▶ [Work item] Whenever the word "bsub" turns up in a line below, that line should be copied.
# # # # #
(* Let $(A,+,\circ)$ be a finite left brace with cyclic additive group, let $(A,\cdot)$ be its decomposable associated cycle set, let $g$ be an element of a transitive cycle base of $A$, and let $(A,\bullet)$ be the uniconnected associated cycle set $a\bullet b:=\lambda_a(g)^{-}\circ b$. Then $(A,\cdot)$ and $(A,\bullet)$ have finite multipermutation level and $mpl(A,\cdot)=mpl(A,\bullet)$. Moreover, for every $n\in\mathbb{N}$, the underlying sets of $\mathrm{Ret}^n(A,\cdot)$ and $\mathrm{Ret}^n(A,\bullet)$ coincide (as quotients of $A$).
   Context: A left brace is a set $A$ with two operations such that $(A,+)$ is an abelian group, $(A,\circ)$ is a group, and $a\circ(b+c)=a\circ b-a+a\circ c$. $\lambda_a(b):=-a+a\circ b$; $a\mapsto\lambda_a$ is a homomorphism $(A,\circ)\to\mathrm{Aut}(A,+)$. $a^{-}$ is the inverse in $(A,\circ)$. A transitive cycle base is a single $\lambda$-orbit generating $(A,+)$. A (non-degenerate) cycle set is a set $X$ with an operation such that each $\sigma_x:y\mapsto x\cdot y$ is bijective, $(x\cdot y)\cdot(x\cdot z)=(y\cdot x)\cdot(y\cdot z)$, and $x\mapsto x\cdot x$ is bijective. $\mathrm{Ret}(X)$ is the quotient cycle set of $X$ by $x\sim y\iff\sigma_x=\sigma_y$; $\mathrm{Ret}^0(X)=X$, $\mathrm{Ret}^i(X)=\mathrm{Ret}(\mathrm{Ret}^{i-1}(X))$; $mpl(X)$ is the least $n$ with $|\mathrm{Ret}^n(X)|=1$ (finite multipermutation level means such $n$ exists). The decomposable associated cycle set is $(A,\cdot)$ with $a\cdot b:=\lambda_a^{-1}(b)$. The cycle set $(A,\bullet)$ is uniconnected, i.e. the group generated by its left multiplications acts regularly on $A$. *)

theory Defs
  imports "HOL-Algebra.Algebra"
begin

definition addG :: "'a set \<Rightarrow> ('a \<Rightarrow> 'a \<Rightarrow> 'a) \<Rightarrow> 'a \<Rightarrow> 'a monoid" where
  "addG A pl z = \<lparr>carrier = A, monoid.mult = pl, one = z\<rparr>"

definition circG :: "'a set \<Rightarrow> ('a \<Rightarrow> 'a \<Rightarrow> 'a) \<Rightarrow> 'a \<Rightarrow> 'a monoid" where
  "circG A circ u = \<lparr>carrier = A, monoid.mult = circ, one = u\<rparr>"

definition left_brace :: "'a set \<Rightarrow> ('a \<Rightarrow> 'a \<Rightarrow> 'a) \<Rightarrow> 'a \<Rightarrow> ('a \<Rightarrow> 'a \<Rightarrow> 'a) \<Rightarrow> 'a \<Rightarrow> bool" where
  "left_brace A pl z circ u \<longleftrightarrow>
     comm_group (addG A pl z) \<and> group (circG A circ u) \<and>
     (\<forall>a\<in>A. \<forall>b\<in>A. \<forall>c\<in>A.
        circ a (pl b c) = pl (pl (circ a b) (inv\<^bsub>addG A pl z\<^esub> a)) (circ a c))"

definition brace_lambda :: "'a set \<Rightarrow> ('a \<Rightarrow> 'a \<Rightarrow> 'a) \<Rightarrow> 'a \<Rightarrow> ('a \<Rightarrow> 'a \<Rightarrow> 'a) \<Rightarrow> 'a \<Rightarrow> 'a \<Rightarrow> 'a" where
  "brace_lambda A pl z circ a b = pl (inv\<^bsub>addG A pl z\<^esub> a) (circ a b)"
# # # # #
▶ [Task output]
        circ a (pl b c) = pl (pl (circ a b) (inv\<^bsub>addG A pl z\<^esub> a)) (circ a c))"
  "brace_lambda A pl z circ a b = pl (inv\<^bsub>addG A pl z\<^esub> a) (circ a b)"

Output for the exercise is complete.